4 reasons why Asia is about to dominate FinTech
----Johnny Mayo Co-Founder @ Neuroware.io & Blockstrap #500strong
FinTech has become a universally accessible industry. It’s even becoming sexy.
Once dominated by powerful corporations and brain-draining grey suits, the powerful corporation of Goldman Sachs recently had some grey suits report that the industry is now worth a staggering US$4.7 trillion – and it’s only just getting started.
The explosive growth of FinTech has been a long time coming. Other than the advent of PayPal and the novelty of e-commerce the internet has actually done very little in terms of revolutionizing how money could work, but all this is now changing at a frighteningly efficient pace.
As software continues to eat the world it’s not just forcing finance into its biggest rethink in decades, it’s literally dragging it into the 21st century by the scruff of its neck.
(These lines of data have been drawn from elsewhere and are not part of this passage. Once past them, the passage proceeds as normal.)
text \<open>Testing the Euler--Lagrange equation with \<open>\<delta>\<^sub>x - \<delta>\<^sub>y\<close> shows that
  \<open>lat_laplacian l g0 - m g0\<close> is constant on \<open>lat_G l\<close>; its sum vanishes, so it is zero.\<close>

lemma energy_minimizer_eigenfunction:
  assumes g0: "supported_on l g0" "(\<Sum>p\<in>lat_G l. g0 p) = 0" "(\<Sum>p\<in>lat_G l. (g0 p)\<^sup>2) = 1"
    and min: "\<And>g. supported_on l g \<Longrightarrow> (\<Sum>p\<in>lat_G l. g p) = 0
           \<Longrightarrow> energy l g0 * (\<Sum>p\<in>lat_G l. (g p)\<^sup>2) \<le> energy l g"
  shows "energy l g0 \<in> lat_eigenvalues l"
proof -
  define m where "m = energy l g0"
  define r where "r = (\<lambda>p. lat_laplacian l g0 p - m * g0 p)"
  have r_eq: "r x = r y" if x: "x \<in> lat_G l" and y: "y \<in> lat_G l" for x y
  proof -
    define \<delta> where "\<delta> = (\<lambda>p. (if p = x then 1 else 0) - (if p = y then 1 else (0::real)))"
    have "supported_on l \<delta>" "(\<Sum>p\<in>lat_G l. \<delta> p) = 0"
      using x y sum_indicator_mult[OF x, of "\<lambda>_. 1"] sum_indicator_mult[OF y, of "\<lambda>_. 1"]
      by (auto simp: supported_on_def \<delta>_def sum_subtractf)
    from energy_form_minimizer[OF g0 min this]
    have "(\<Sum>p\<in>lat_G l. \<delta> p * lat_laplacian l g0 p) = m * (\<Sum>p\<in>lat_G l. \<delta> p * g0 p)"
      by (simp add: sum_mult_lat_laplacian m_def mult.commute)
    then show ?thesis
      using sum_indicator_mult[OF x] sum_indicator_mult[OF y]
      by (simp add: \<delta>_def r_def left_diff_distrib sum_subtractf algebra_simps)
  qed
  have "r x = 0" if x: "x \<in> lat_G l" for x
  proof -
    have "(\<Sum>p\<in>lat_G l. r p) = 0"
      using g0 by (simp add: r_def sum_subtractf sum_lat_laplacian sum_distrib_left[symmetric])
    moreover have "(\<Sum>p\<in>lat_G l. r p) = card (lat_G l) * r x"
      using r_eq[OF _ x] by simp
    moreover have "card (lat_G l) \<noteq> 0"
      using finite_lat_G lat_G_nonempty by simp
    ultimately show ?thesis
      by simp
  qed
  moreover have "\<exists>p\<in>lat_G l. g0 p \<noteq> 0"
    using g0(3) by (auto simp: sum_squares_pos_iff[symmetric])
  ultimately show ?thesis
    unfolding lat_eigenvalues_def by (auto simp: r_def m_def)
qed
The Economist said of The FinTech Revolution, “From payments to wealth management, from peer-to-peer lending to crowdfunding, a new generation of startups is taking aim at the heart of the industry” – and of all the different clusters of FinTech companies that are emerging perhaps none are drawing more attention, mindshare, opinions, and ire than those looking to set the industry standards in the crazy world of Bitcoin.
Having grown out of its awkward early adoption phase and tip-toeing into the wider public lexicon, headlines about banks and institutions considering blockchain technology have become as commonplace as a Miley Cyrus scandal. Bitcoin (formally known as scary scam terrorist money) is now being courted as the darling of the FinTech scene. Just be careful which words you use. Bitcoin is sometimes bad. Blockchain is usually good. The worldwide ledger is probably best.
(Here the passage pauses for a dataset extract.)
(* Let $1\le p<\infty$, $\theta,\rho\in(0,1)$, $\Omega\in\mathbb{IR}^{d_0}$ a box with nonempty interior, and $\Phi:\mathbb R^{d_0}\to\mathbb R^{d_{L+1}}$ a feedforward neural network with differentiable activation $\sigma$ such that $\sigma,\sigma'$ admit interval enclosures $\Sigma,\Sigma'$ that are Hölder continuous on $\mathbb{IR}$. Define $f_{\Phi,1,p}(x)=\sum_{i=1}^{d_{L+1}}\big(|\Phi_i(x)|^p+\sum_{j=1}^{d_0}|\partial_{x_j}\Phi_i(x)|^p\big)$ and $$F_{\Phi,1,p}(K)=\sum_{i=1}^{d_{L+1}}\Big(|\mathrm{Fval}_{\Phi,L+1,\Sigma}(K)_i|^p+\sum_{j=1}^{d_0}|\mathrm{Jac}_{\Phi,0,\Sigma,\Sigma'}(K)_{ij}|^p\Big).$$ Then $f_{\Phi,1,p}$ is continuous, $F_{\Phi,1,p}$ is a Hölder continuous interval enclosure of $f_{\Phi,1,p}$ on $\Omega$, and AdaQuad with integrand $f_{\Phi,1,p}$, enclosure $F_{\Phi,1,p}$, a positive-weight quadrature rule exact for constants, marking $\mathrm{D\ddot orfler}_\theta$ and refinement $\mathrm{H\ddot older}_\rho$ yields for all $n$ $$\big|\,\|\Phi\|_{W^{1,p}(\Omega;\mathbb R^{d_{L+1}})}-\mathrm Q_n^{1/p}\big|\le\eta_n^{1/p},\qquad\eta_{n+1}\le(1-\theta(1-\rho))\eta_n.$$
   Context: $\|\Phi\|_{W^{k,p}(\Omega;\mathbb R^m)}=(\sum_{i=1}^m\sum_{|\alpha|\le k}\int_\Omega|D^\alpha\Phi_i|^pdx)^{1/p}$, sum over multi-indices each once. Intervals, boxes, interval arithmetic $X\circ Y=\{x\circ y\}$, interval matrix products via usual formula (left to right), width $w$ (max entry width), $|X|=\{|x|:x\in X\}$, $X^\gamma=[\underline X^\gamma,\overline X^\gamma]$ for $\underline X\ge0$. Interval enclosure of $\phi$ on $\Omega$: inclusion isotonic $F$ with $\phi(K)\subset F(K)$ for boxes $K\subset\Omega$; Hölder continuous: $w(F(K))\le Cw(K)^\gamma$, $C>0$, $\gamma\in(0,1]$. Network: weights $W^{(\ell)}$, biases $b^{(\ell)}$, $z^{(\ell)}=W^{(\ell-1)}x^{(\ell-1)}+b^{(\ell-1)}$, $x^{(\ell)}=\sigma(z^{(\ell)})$, $x^{(0)}=u$, $\Phi=z^{(L+1)}$. $\mathrm{Fval}_{\Phi,\ell,\Sigma}(K)$: $X^{(0)}=K$; for $k=0,\dots,\ell-1$: $Z^{(k+1)}=W^{(k)}X^{(k)}+b^{(k)}$, $X^{(k+1)}=\Sigma(Z^{(k+1)})$; return $Z^{(\ell)}$. $\mathrm{Jac}_{\Phi,\ell,\Sigma,\Sigma'}(K)$: $J^{(L)}=W^{(L)}$; for $k=L-1,\dots,\ell$: $J^{(k)}=(J^{(k+1)}\mathrm{diag}(\Sigma'(\mathrm{Fval}_{\Phi,k+1,\Sigma}(K))))W^{(k)}$; return $J^{(\ell)}$. AdaQuad: $\mathcal P_0=\{\Omega\}$; with $\eta_K=w(F(K))\mathrm{vol}(K)$, $\mathcal P_{n+1}=(\mathcal P_n\setminus\widetilde{\mathcal P}_n)\cup\bigcup_{K\in\widetilde{\mathcal P}_n}\mathcal R(K)$ with $\widetilde{\mathcal P}_n$ the marked set; $\mathrm Q_n=\sum_{K\in\mathcal P_n}\mathcal I(f,K)$, $\eta_n=\sum_{K\in\mathcal P_n}\eta_K$. Quadrature $\mathcal I(f,K)=\sum_iw_if(x_i)$, $x_i\in K$, $w_i>0$, $\sum w_i=\mathrm{vol}(K)$. $\mathrm{D\ddot orfler}_\theta$: repeatedly mark all unmarked elements of maximal indicator until the marked sum is $\ge\theta$ times the total. $\mathrm{H\ddot older}_\rho(K)$ with a Hölder constant $C$ and exponent $\gamma$ of $F$: if $\eta_K=0$ return $\{K\}$; else split each side $K_i$ (length $l_i$) uniformly into $m_i=\lceil l_i(C\mathrm{vol}(K)/(\rho\eta_K))^{1/\gamma}\rceil$ pieces and return all product boxes. *)

theory Defs
  imports "HOL-Analysis.Analysis" "HOL-Probability.Probability" "HOL-Library.Interval"
begin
Meetups and startups are springing up to honour Satoshi in financial capitals and tech-savvy cities all over the globe, while accelerators and investors scramble to snap up the talent and stake a claim in this new and emerging ecosystem.
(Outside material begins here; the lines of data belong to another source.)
lemma Mform_complement:
  assumes A: "A \<in> r" and B: "B \<in> r"
  shows "Mform \<mu> UNIV A B = Mform \<mu> r A B - 1/2 * trace_on n (\<lambda>x. \<mu> A (transp_on_sub n (\<mu> B) x))"
  unfolding Mform_UNIV Mform_onb[OF bilinear_bracket onb_r] bracket_pairing_N[OF A] trace_ad_comp_transp
  by (simp add: add_divide_distrib)

lemma Mform_complement_ideal:
  assumes A: "A \<in> r" and W: "W \<in> n"
  shows "Mform \<mu> UNIV A W = - 1/2 * trace_on n (\<lambda>x. \<mu> A (transp_on_sub n (\<mu> W) x))"
proof -
  have "(\<Sum>k\<in>R. inner (\<mu> A k) (\<mu> W k)) = 0"
    using A W R_subset subalgebra bracket_in_ideal_left inner_r_n by (intro sum.neutral) blast
  then show ?thesis
    unfolding Mform_UNIV bracket_pairing_N[OF A] bracket_pairing_RR[OF W] trace_ad_comp_transp
    by simp
qed

end

theorem lemma3p2:
  fixes \<mu> :: "'a::euclidean_space \<Rightarrow> 'a \<Rightarrow> 'a"
    and n r R :: "'a set"
  assumes "lie_algebra \<mu>"
    and "is_nilradical \<mu> n"
    and "r = {x. \<forall>y\<in>n. inner x y = 0}"
    and "\<forall>A\<in>r. \<forall>B\<in>r. \<mu> A B \<in> r"
    and "onb r R"
  shows "(\<forall>Z\<in>n. \<forall>W\<in>n. Mform \<mu> UNIV Z W =
            Mform \<mu> n Z W
            + 1/2 * (\<Sum>ri\<in>R. inner (\<mu> ri (transp_on_sub n (\<mu> ri) Z) - transp_on_sub n (\<mu> ri) (\<mu> ri Z)) W))
       \<and> (\<forall>A\<in>r. \<forall>B\<in>r. Mform \<mu> UNIV A B =
            Mform \<mu> r A B - 1/2 * trace_on n (\<lambda>x. \<mu> A (transp_on_sub n (\<mu> B) x)))
       \<and> (\<forall>A\<in>r. \<forall>W\<in>n. Mform \<mu> UNIV A W =
            - 1/2 * trace_on n (\<lambda>x. \<mu> A (transp_on_sub n (\<mu> W) x)))"
proof -
  have ideal: "lie_ideal \<mu> n"
    using assms(2) by (simp add: is_nilradical_def)
  then have "subspace n"
    by (simp add: lie_ideal_def)
  then obtain N where "onb n N"
    using onb_exists by blast
  then interpret ideal_orthogonal_complement \<mu> n r R N
    using assms ideal by unfold_locales
  show ?thesis
    using Mform_ideal Mform_complement Mform_complement_ideal by blast
qed

end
Although the US is generally considered to be leading the way in the field of crypto-currencies (it certainly is in terms of venture-capital invested), the world still waits to see what regulations they could impose. Meanwhile Europe has also started to look kindly at the space with several leading banks making murmurs about the technology. UBS, which is one of the largest investment banks in the world, has even gone as far as toset up a Blockchain Technology Lab within the walls of Europe’s largest FinTech accelerator, the incredible Level39 in London.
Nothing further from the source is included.